United States Court of Appeals, District of Columbia Circuit

August 15, 2017

SecurityPoint Holdings, Inc., Petitioner
Transportation Security Administration, Respondent

          Argued March 7, 2017

         On Petition for Review of an Order of the Transportation Security Administration Bradley C. Graveline argued the cause and filed the briefs for petitioner.

          John S. Koppel, Attorney, U.S. Department of Justice, argued the cause for respondent.

          With him on the brief were Benjamin C. Mizer, Principal Deputy Assistant Attorney General at the time the brief was filed, and Mark B. Stern, Attorney.

          Before: Henderson and Srinivasan, Circuit Judges, and Ginsburg, Senior Circuit Judge.

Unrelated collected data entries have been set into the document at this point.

definition entry_l1_dist ::
    "nat \<Rightarrow> nat \<Rightarrow> (nat \<times> nat \<Rightarrow> real) \<Rightarrow> (nat \<times> nat \<Rightarrow> real) \<Rightarrow> real" where
  "entry_l1_dist m n Z Z' = (\<Sum>p\<in>{..<m}\<times>{..<n}. \<bar>Z p - Z' p\<bar>)"

lemma entry_l1_dist_commute: "entry_l1_dist m n Z Z' = entry_l1_dist m n Z' Z"
  unfolding entry_l1_dist_def by (simp add: abs_minus_commute)

lemma entry_l1_dist_nonneg: "0 \<le> entry_l1_dist m n Z Z'"
  unfolding entry_l1_dist_def by (simp add: sum_nonneg)

lemma borel_measurable_entry_l1_dist:
  "(\<lambda>Z. entry_l1_dist m n Z q) \<in> borel_measurable (gauss_matrix m n)"
  unfolding entry_l1_dist_def gauss_matrix_def
proof (rule borel_measurable_sum)
  fix p assume [measurable]: "p \<in> {..<m}\<times>{..<n}"
  show "(\<lambda>Z. \<bar>Z p - q p\<bar>)
      \<in> borel_measurable (Pi\<^sub>M ({..<m}\<times>{..<n}) (\<lambda>_. density lborel std_normal_density))"
    by measurable
qed

lemma integrable_entry_l1_dist_zero:
  "integrable (gauss_matrix m n) (\<lambda>Z. entry_l1_dist m n Z (\<lambda>_. 0))"
  unfolding entry_l1_dist_def using integrable_gauss_matrix_entry by auto

definition rational_matrices :: "nat \<Rightarrow> nat \<Rightarrow> (nat \<times> nat \<Rightarrow> real) set" where
  "rational_matrices m n = PiE ({..<m}\<times>{..<n}) (\<lambda>_. \<rat>)"

lemma countable_rational_matrices: "countable (rational_matrices m n)"
  unfolding rational_matrices_def by (intro countable_PiE countable_rat) auto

          Senior Circuit Judge Ginsburg.

         Ginsburg, Senior Circuit Judge: SecurityPoint Holdings, Inc., which contracts with airports to participate in an advertising program established by the Transportation Security Administration, again petitions for review of the agency's decision to revise its memorandum of understanding (MOU) used with participating airports. On remand after this court's decision in SecurityPoint Holdings, Inc. v. TSA, 769 F.3d 1184 (D.C. Cir. 2014) (SPH I), the agency again declined SecurityPoint's request that it cease using the revised MO U.SecurityPoint's petition challenges the TSA's decision as arbitrary and capricious and as an act of retaliation that violates its rights under the First Amendment to the Constitution of the United States. For the reasons that follow, we deny the petition.

         I. Background

         SecurityPoint is the owner of a method patent covering, as relevant here, the practice of placing onto a cart bins that have passed through an x-ray screening machine at an airport security checkpoint and pushing the cart back to the front of the machine so the bins can be used by the next passengers to go through the checkpoint. According to SecurityPoint, the TSA uses its patented system to help screen passengers at over 400 airports throughout the United States. At about 40 of those airports, SecurityPoint participates in the TSA's "Bin Advertising Program." Under that program, an "advertising broker" such as SecurityPoint

assume[s] the costs of providing and maintaining certain checkpoint equipment - bins, wheeled carts to transport the bins, and tables - in exchange for the right to sell advertisements to be displayed inside the bins. Participating airports execute [an MOU] with
TSA; they then contract with private companies to obtain the equipment subject to the MOU's terms. Once TSA has adopted a new MOU template, it requires all participating airports entering into new contracts under the program to use that template…. The advertising revenues, though shared by the airport operators and private companies, relieve TSA of the expense of supplying the bin-related equipment.

SPH I, 769 F.3d at 1186.

         SecurityPoint concedes that, at airports where it is the advertising broker, the TSA may practice the patent through what the Company calls an "implied license" arising from its agreement with the airport. The TSA, consequently, does not have a license to practice the patent at airports that do not participate in the Bin Advertising Program with SecurityPoint.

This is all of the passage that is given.